Department of Microbiology, National Veterinary Institute, SE-75189 Uppsala, Sweden.
Department of Animal Health and Antimicrobial Strategies, SE-75189 National Veterinary Institute, Uppsala, Sweden.
J Med Microbiol. 2019 Jul;68(7):1003-1011. doi: 10.1099/jmm.0.001016. Epub 2019 Jun 7.
The present study aimed to establish pretreatment protocols as well as real-time and droplet digital polymerase chain reaction (PCR) methodologies to detect and quantify Erysipelothrix rhusiopathiae (ER) DNA in blood samples from infected chickens, as tools for routine diagnostics and monitoring of experimental infections. Chicken blood is a problematic matrix for PCR analysis because nucleated erythrocytes contribute large amounts of host DNA that inhibit amplification.

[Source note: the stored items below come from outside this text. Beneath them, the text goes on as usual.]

lemma Mz_row_Hspace:
  fixes F :: "'n::finite \<Rightarrow> ('n \<Rightarrow> nat) \<Rightarrow> 'd::real_inner"
  assumes m: "m \<ge> 1" and F: "F \<in> HspaceN m"
  shows "Mz_row F \<in> Hspace m" "hnorm m (Mz_row F) \<le> sqrt (real CARD('n)) * hnormN m F"
proof -
  let ?g = "\<lambda>i \<alpha>. (norm (Mzi i (F i) \<alpha>))\<^sup>2 / rho m \<alpha>"
  have Fi: "F i \<in> Hspace m" for i using F unfolding HspaceN_def by auto
  have gs: "?g i summable_on UNIV" for i using Mzi_Hspace(1)[OF m Fi] unfolding Hspace_def by simp
  have pointwise: "(norm (Mz_row F \<alpha>))\<^sup>2 / rho m \<alpha> \<le> real CARD('n) * (\<Sum>i\<in>UNIV. ?g i \<alpha>)" for \<alpha>
  proof -
    have "(norm (Mz_row F \<alpha>))\<^sup>2 \<le> (\<Sum>i\<in>UNIV. norm (Mzi i (F i) \<alpha>))\<^sup>2"
      unfolding Mz_row_def by (intro power_mono norm_sum) auto
    also have "\<dots> \<le> (\<Sum>i\<in>UNIV. (norm (Mzi i (F i) \<alpha>))\<^sup>2) * real CARD('n)"
      by (rule sum_squared_le_sum_of_squares)
    finally show ?thesis
      using rho_pos[of m \<alpha>] by (simp add: sum_divide_distrib[symmetric] divide_right_mono mult.commute)
  qed
  have S: "(\<lambda>\<alpha>. real CARD('n) * (\<Sum>i\<in>UNIV. ?g i \<alpha>)) summable_on UNIV"
    by (intro summable_on_cmult_right summable_on_finite_sum gs) auto
  show "Mz_row F \<in> Hspace m" by (rule Hspace_dominated(1)[OF S pointwise])
  have "(hnorm m (Mz_row F))\<^sup>2 \<le> real CARD('n) * (\<Sum>i\<in>UNIV. (hnorm m (Mzi i (F i)))\<^sup>2)"
    using Hspace_dominated(2)[OF S pointwise]
    by (simp add: infsum_cmult_right' infsum_finite_sum[OF _ gs] hnorm_sq)
  also have "\<dots> \<le> real CARD('n) * (hnormN m F)\<^sup>2"
    unfolding hnormN_sq
    by (intro mult_left_mono sum_mono power_mono Mzi_Hspace(2)[OF m Fi] hnorm_nonneg) auto
  also have "\<dots> = (sqrt (real CARD('n)) * hnormN m F)\<^sup>2"
    by (simp add: power_mult_distrib)
  finally show "hnorm m (Mz_row F) \<le> sqrt (real CARD('n)) * hnormN m F"
    by (rule power2_le_imp_le) (simp add: hnormN_nonneg)
qed
theorem proposition3p2:
  fixes k :: nat
  assumes "k \<ge> 2"
  shows "\<exists>c C r0 :: real. c > 0 \<and> C > 0 \<and> r0 \<ge> 1 \<and>
    (\<forall>(B :: nat \<Rightarrow> real set) (g :: nat \<Rightarrow> real \<Rightarrow> real) (r :: real) (x :: real).
       (\<forall>i<k. finite (B i) \<and> strictly_monotone (g i)) \<longrightarrow>
       r \<ge> r0 \<longrightarrow>
       (\<forall>i<k. r powr (1 / (real k - 1)) \<le> real (card (BBB (B i)))) \<longrightarrow>
       x \<in> sumset k (\<lambda>i. g i ` B i) \<longrightarrow>
       r \<le> real (rep_count k (\<lambda>i. g i ` B i) x) \<longrightarrow>
       real (rep_count k (\<lambda>i. g i ` B i) x) < 2 * r \<longrightarrow>
       c * r \<le> real (card {(P, P'). P \<in> PiE {..<k} B \<and> P' \<in> PiE {..<k} B \<and> P \<noteq> P' \<and>
            (\<Sum>i<k. g i (P i)) = x \<and> (\<Sum>i<k. g i (P' i)) = x \<and>
            (\<forall>i<k. real (n_B (B i) (P i) (P' i))
                     \<le> C * real (card (BBB (B i))) / r powr (1 / (real k - 1)))}))"
proof -
  define r0 :: real where "r0 = (2 * real k) ^ (k - 1)"
  have "r0 \<ge> 1" unfolding r0_def using assms by (intro one_le_power) simp
  show ?thesis
  proof (rule exI[of _ "1 / 2"], rule exI[of _ "4 * real k"], rule exI[of _ r0], intro conjI allI impI)
    fix B :: "nat \<Rightarrow> real set" and g :: "nat \<Rightarrow> real \<Rightarrow> real" and r x :: real
    assume B_g: "\<forall>i<k. finite (B i) \<and> strictly_monotone (g i)" and "r \<ge> r0"
      and "\<forall>i<k. r powr (1 / (real k - 1)) \<le> real (card (BBB (B i)))"
      and "x \<in> sumset k (\<lambda>i. g i ` B i)"
      and rep: "r \<le> real (rep_count k (\<lambda>i. g i ` B i) x)"
      and "real (rep_count k (\<lambda>i. g i ` B i) x) < 2 * r"
    define \<rho> where "\<rho> = r powr (1 / (real k - 1))"
    have "k - 1 > 0" "r \<ge> 0" using assms \<open>r \<ge> r0\<close> \<open>r0 \<ge> 1\<close> by auto
    then have \<rho>_root: "\<rho> = root (k - 1) r"
      unfolding \<rho>_def using assms by (simp add: root_powr_inverse of_nat_diff)
    have "2 * real k = root (k - 1) r0"
      unfolding r0_def using real_root_power_cancel[OF \<open>k - 1 > 0\<close>, of "2 * real k"] by simp
    then have "\<rho> \<ge> 2 * real k" unfolding \<rho>_root using \<open>k - 1 > 0\<close> \<open>r \<ge> r0\<close> by simp
    moreover have "\<rho> ^ (k - 1) = r" unfolding \<rho>_root using \<open>k - 1 > 0\<close> \<open>r \<ge> 0\<close> by simp
    ultimately show "1 / 2 * r \<le> real (card {(P, P'). P \<in> PiE {..<k} B \<and> P' \<in> PiE {..<k} B \<and>
        P \<noteq> P' \<and> (\<Sum>i<k. g i (P i)) = x \<and> (\<Sum>i<k. g i (P' i)) = x \<and>
        (\<forall>i<k. real (n_B (B i) (P i) (P' i)) \<le> 4 * real k * real (card (BBB (B i))) / r powr (1 / (real k - 1)))})"
      using card_close_pairs_ge[OF assms B_g, of \<rho> x] rep unfolding \<rho>_def by simp
  qed (use assms \<open>r0 \<ge> 1\<close> in auto)
qed

end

Using artificially spiked samples of fresh chicken blood, as well as blood samples from three experimental infection studies, the performance of pretreatment protocols, including choice of blood stabilization agent, centrifugation speeds and Ficoll gradient separation, was evaluated. The results were compared with those from traditional culture-based protocols combined with matrix-assisted laser desorption/ionization time-of-flight mass spectrometry (MALDI-TOF MS).Results/Key findings. Simple preparations producing cell-free samples performed well on artificial spike-in samples, providing high sensitivity. However, performance was poor in clinical samples or artificial samples where the bacteria were incubated for 4 h or more in fresh blood prior to DNA extraction. In these samples, a Ficoll separation protocol that creates samples rich in lymphocytes, monocytes and thrombocytes prior to DNA extraction was far more effective.

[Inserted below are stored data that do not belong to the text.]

lemma Cyl_nonempty_if_Fact:
  assumes "v \<in> Fact L" shows "Cyl L v \<noteq> {}"
proof -
  obtain w n where w: "w \<in> L" "v = map w [n..<n + length v]" using assms by (auto simp: Fact_def)
  have "(shiftmap ^^ n) w \<in> L"
    using w(1) by (induction n) (auto intro: shiftmap_in)
  moreover have "starts_with ((shiftmap ^^ n) w) v"
    using w(2) by (auto simp: starts_with_def funpow_shiftmap) (metis add_diff_cancel_left' nth_map_upt)
  ultimately show ?thesis by (auto simp: Cyl_eq)
qed

lemma AtMost_eq: "AtMost p = Below p \<union> Cyl L p"
  by (auto simp: AtMost_def Below_def Cyl_eq)

lemma Below_Cyl_disjoint: "Below p \<inter> Cyl L p = {}"
  using prefix_trichotomy by (auto simp: Below_def Cyl_eq)

lemma Below_Nil: "Below [] = {}"
  by (simp add: Below_def)

lemma AtMost_Nil: "AtMost [] = L"
  by (simp add: AtMost_def)

lemma Below_snoc: "Below (p @ [c]) = Below p \<union> (\<Union>c'\<in>{c'. c' < c}. Cyl L (p @ [c']))"
  by (auto simp: Below_def below_prefix_snoc Cyl_eq starts_with_snoc)

lemma Below_subset_snoc: "Below p \<subseteq> Below (p @ [c])"
  by (auto simp: Below_def below_prefix_snoc)

lemma AtMost_snoc_subset: "AtMost (p @ [c]) \<subseteq> AtMost p"
  by (auto simp: AtMost_def below_prefix_snoc starts_with_snoc)

lemma Cyl_sets: "Cyl L p \<in> sets \<mu>"
  using borel by (simp add: borel_on_def sigma_sets.Basic)

lemma Below_sets: "Below p \<in> sets \<mu>"
proof (induction p rule: rev_induct)
  case (snoc c p)
  then show ?case unfolding Below_snoc by (intro sets.Un sets.finite_UN) (auto simp: Cyl_sets)
qed (simp add: Below_Nil)

lemma AtMost_sets: "AtMost p \<in> sets \<mu>"
  unfolding AtMost_eq using Below_sets Cyl_sets by simp

lemma measure_AtMost: "measure \<mu> (AtMost p) = measure \<mu> (Below p) + measure \<mu> (Cyl L p)"
  unfolding AtMost_eq by (rule finite_measure_Union[OF Below_sets Cyl_sets Below_Cyl_disjoint])

lemma Down_eq_INT_AtMost: "Down w = (\<Inter>n. AtMost (map w [0..<n]))"
  using lex_le_iff_not_above_any_prefix[OF starts_with_initial_segment]
  by (auto simp: Down_def AtMost_def)

lemma Down_sets: "Down w \<in> sets \<mu>"
  unfolding Down_eq_INT_AtMost by (intro sets.countable_INT) (auto simp: AtMost_sets)

lemma singleton_eq_INT_Cyl: "w \<in> L \<Longrightarrow> {w} = (\<Inter>n. Cyl L (map w [0..<n]))"
  by (auto simp: Cyl_eq starts_with_def simp del: upt_Suc)

lemma measure_singleton: "w \<in> L \<Longrightarrow> measure \<mu> {w} = 0"
  using nonatomic by (simp add: measure_def)

lemma singleton_sets: "w \<in> L \<Longrightarrow> {w} \<in> sets \<mu>"
  by (subst singleton_eq_INT_Cyl) (auto simp: Cyl_sets)

lemma lexmin_least: "lexmin L \<in> L \<and> (\<forall>w\<in>L. lex_le (lexmin L) w)"
proof -
  have "L \<noteq> {}" using not_empty space_eq by simp
  then obtain m where "m \<in> L" "\<forall>w\<in>L. lex_le m w"
    using cantor_closed_lex_min[OF cantor_closed_L] by blast
  then have "\<exists>!m. m \<in> L \<and> (\<forall>w\<in>L. lex_le m w)"
    using lex_le_antisym by blast
  then show ?thesis unfolding lexmin_def by (rule theI')
qed

lemma phi_mu_eq: "phi_mu \<mu> L w = measure \<mu> (Down w)"
  unfolding phi_mu_def Down_def using lexmin_least by metis

lemma measure_Down_le:
  assumes "m \<in> L" "Down m \<subseteq> S \<union> {m}" "S \<in> sets \<mu>"
  shows "measure \<mu> (Down m) \<le> measure \<mu> S"
proof -
  have "measure \<mu> (Down m) \<le> measure \<mu> (S \<union> {m})"
    using assms by (intro finite_measure_mono sets.Un singleton_sets)
  also have "\<dots> \<le> measure \<mu> S + measure \<mu> {m}"
    using assms by (intro measure_Un_le singleton_sets)
  finally show ?thesis using measure_singleton[OF assms(1)] by simp
qed

end

section \<open>Inverting \<open>\<phi>\<^sub>\<mu>\<close>\<close>

text \<open>For \<open>x \<in> [0,1)\<close>, pick letter by letter the largest \<open>c\<close> with \<open>\<mu>(Below (p @ [c])) \<le> x\<close>.
  The limit word is the lexicographically largest \<open>w\<close> with \<open>\<phi>\<^sub>\<mu>(w) = x\<close>, i.e. \<open>\<phi>\<^sup>-\<^sup>1(\<iota> x)\<close>.\<close>

context shift_measure
begin

lemma greedy_step:
  assumes "measure \<mu> (Below p) \<le> x" "x < measure \<mu> (AtMost p)"
    and c: "c = Max {c. measure \<mu> (Below (p @ [c])) \<le> x}"
  shows "measure \<mu> (Below (p @ [c])) \<le> x \<and> x < measure \<mu> (AtMost (p @ [c]))"
proof -
  let ?C = "{c. measure \<mu> (Below (p @ [c])) \<le> x}"
  have "Below (p @ [Min UNIV]) = Below p"
    by (auto simp: Below_def below_prefix_snoc)
  then have "Min UNIV \<in> ?C" using assms(1) by simp
  then have c_in: "c \<in> ?C" unfolding c by (intro Max_in) auto
  have c_max: "c' \<in> ?C \<Longrightarrow> c' \<le> c" for c' unfolding c by (intro Max_ge) auto
  have "x < measure \<mu> (AtMost (p @ [c]))"
  proof (cases "\<exists>c'. c < c'")
    case True
    define c' where "c' = Min {c'. c < c'}"
    have "c < c'" unfolding c'_def using True by (metis Min_in finite mem_Collect_eq empty_iff)
    moreover have "c < a \<Longrightarrow> c' \<le> a" for a unfolding c'_def by (intro Min_le) auto
    ultimately have successor: "a < c' \<longleftrightarrow> a \<le> c" for a by (meson leD le_less_trans not_le)
    have "c' \<notin> ?C" using c_max \<open>c < c'\<close> by force
    moreover have "Below (p @ [c']) = AtMost (p @ [c])"
      unfolding Below_def AtMost_def below_prefix_snoc starts_with_snoc successor by auto
    ultimately show ?thesis by simp
  next
    case False
    then have "a \<le> c" for a by (simp add: not_less)
    then have "AtMost (p @ [c]) = AtMost p"
      unfolding AtMost_def below_prefix_snoc starts_with_snoc by (auto simp: order.order_iff_strict)
    then show ?thesis using assms(2) by simp
  qed
  then show ?thesis using c_in by simp
qed

primrec greedy_prefix :: "real \<Rightarrow> nat \<Rightarrow> 'a list" where
  "greedy_prefix x 0 = []"
| "greedy_prefix x (Suc n) =
     greedy_prefix x n @ [Max {c. measure \<mu> (Below (greedy_prefix x n @ [c])) \<le> x}]"

lemma length_greedy_prefix [simp]: "length (greedy_prefix x n) = n"
  by (induction n) auto

lemma greedy_prefix_bounds:
  assumes "0 \<le> x" "x < 1"
  shows "measure \<mu> (Below (greedy_prefix x n)) \<le> x \<and> x < measure \<mu> (AtMost (greedy_prefix x n))"
proof (induction n)
  case 0 then show ?case using assms by (simp add: Below_Nil AtMost_Nil measure_L)
next
  case (Suc n) then show ?case using greedy_step[OF _ _ refl] by simp
qed

lemma nth_greedy_prefix: "i < n \<Longrightarrow> greedy_prefix x n ! i = greedy_prefix x (Suc i) ! i"
  by (induction n) (auto simp: nth_append less_Suc_eq)

definition greedy_word :: "real \<Rightarrow> nat \<Rightarrow> 'a" where
  "greedy_word x i = greedy_prefix x (Suc i) ! i"

lemma greedy_word_starts_with: "starts_with (greedy_word x) (greedy_prefix x n) \<and> length (greedy_prefix x n) = n"
  unfolding starts_with_def greedy_word_def length_greedy_prefix by (metis nth_greedy_prefix)

lemma greedy_word_in_L:
  assumes "0 \<le> x" "x < 1" shows "greedy_word x \<in> L"
proof -
  have "\<exists>w\<in>L. \<forall>i<n. w i = greedy_word x i" for n
  proof -
    have "measure \<mu> (Below (greedy_prefix x n)) < measure \<mu> (AtMost (greedy_prefix x n))"
      using greedy_prefix_bounds[OF assms] by (meson le_less_trans)
    then obtain w where "w \<in> Cyl L (greedy_prefix x n)"
      using measure_AtMost[of "greedy_prefix x n"] by fastforce
    then show ?thesis using greedy_word_starts_with[of x n] by (auto simp: Cyl_eq starts_with_def)
  qed
  then show ?thesis using cantor_closed_L unfolding cantor_closed_def by blast
qed

lemma measure_Down_greedy_word:
  assumes "0 \<le> x" "x < 1" shows "measure \<mu> (Down (greedy_word x)) = x"
proof (rule antisym)
  let ?w = "greedy_word x" and ?p = "greedy_prefix x"
  note bounds = greedy_prefix_bounds[OF assms]
  have "Down ?w = (\<Inter>n. AtMost (?p n))"
    using lex_le_iff_not_above_any_prefix[OF greedy_word_starts_with] by (auto simp: Down_def AtMost_def)
  moreover have "(\<lambda>n. measure \<mu> (AtMost (?p n))) \<longlonglongrightarrow> measure \<mu> (\<Inter>n. AtMost (?p n))"
    by (rule finite_Lim_measure_decseq)
      (auto simp: AtMost_sets AtMost_snoc_subset decseq_SucI)
  then have "x \<le> measure \<mu> (\<Inter>n. AtMost (?p n))"
    by (rule LIMSEQ_le_const) (use bounds in \<open>auto intro: less_imp_le\<close>)
  ultimately show "x \<le> measure \<mu> (Down ?w)" by simp
  have "Down ?w \<subseteq> (\<Union>n. Below (?p n)) \<union> {?w}"
    using lex_less_iff_below_some_prefix[OF greedy_word_starts_with] by (auto simp: Down_def Below_def lex_le_def)
  then have "measure \<mu> (Down ?w) \<le> measure \<mu> (\<Union>n. Below (?p n))"
    using greedy_word_in_L[OF assms] by (intro measure_Down_le) (auto simp: Below_sets)
  moreover have "(\<lambda>n. measure \<mu> (Below (?p n))) \<longlonglongrightarrow> measure \<mu> (\<Union>n. Below (?p n))"
    by (rule finite_Lim_measure_incseq)
      (auto simp: Below_sets Below_subset_snoc incseq_SucI)
  then have "measure \<mu> (\<Union>n. Below (?p n)) \<le> x"
    by (rule LIMSEQ_le_const2) (use bounds in auto)
  ultimately show "measure \<mu> (Down ?w) \<le> x" by linarith
qed

lemma measure_Down_above_greedy_word:
  assumes "0 \<le> x" "x < 1" "w \<in> L" "lex_less (greedy_word x) w"
  shows "x < measure \<mu> (Down w)"
proof -
  let ?p = "greedy_prefix x"
  obtain k where k: "\<forall>i<k. greedy_word x i = w i" "greedy_word x k < w k"
    using assms(4) by (auto simp: lex_less_def)
  have "above_prefix w (?p (Suc k))"
    using k greedy_word_starts_with[of x "Suc k"]
    unfolding above_prefix_def starts_with_def by (intro exI[of _ k]) auto
  then have "AtMost (?p (Suc k)) \<subseteq> Down w"
    using below_above_prefix_lex_less above_prefix_lex_less
    by (auto simp: AtMost_def Down_def lex_le_def)
  then have "measure \<mu> (AtMost (?p (Suc k))) \<le> measure \<mu> (Down w)"
    by (intro finite_measure_mono Down_sets)
  then show ?thesis using greedy_prefix_bounds[OF assms(1,2), of "Suc k"] by linarith
qed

Our results indicate that ER bacteria undergo rapid phagocytosis in chicken blood and that analysis of a blood fraction enriched for phagocytic cells is necessary for reliable detection and quantification. The presented results explain the poor performance of PCR detection reported in previously published experimental ER infection studies, and the proposed solutions are likely to have broader implications for PCR-based veterinary diagnostics in non-mammalian host species such as poultry and fish.
本研究旨在建立预处理方案以及实时和液滴数字聚合酶链反应(PCR)方法,以检测和定量感染鸡血液样本中的红斑丹毒丝菌(ER)DNA,作为常规诊断和实验感染监测的工具。鸡血液是 PCR 分析的一个有问题的基质,因为有核红细胞会贡献大量宿主 DNA,从而抑制扩增。
使用新鲜鸡血液的人工添加样本以及来自三个实验感染研究的血液样本,评估预处理方案的性能,包括血液稳定剂的选择、离心速度和菲可尔梯度分离。将结果与传统的基于培养的方案结合基质辅助激光解吸/电离飞行时间质谱(MALDI-TOF MS)进行比较。
结果/关键发现:简单的制备方法可以产生无细胞样本,在人工添加样本中表现良好,具有高灵敏度。然而,在临床样本或在新鲜血液中孵育细菌 4 小时或更长时间后才进行 DNA 提取的人工样本中,性能较差。在这些样本中,在 DNA 提取之前使用菲可尔分离方案创建富含淋巴细胞、单核细胞和血小板的样本要有效得多。
我们的结果表明,ER 细菌在鸡血液中迅速被吞噬,并且需要分析富含吞噬细胞的血液部分,才能进行可靠的检测和定量。所提出的解决方案可能对兽医 PCR 诊断在非哺乳动物宿主(如家禽和鱼类)中具有更广泛的意义。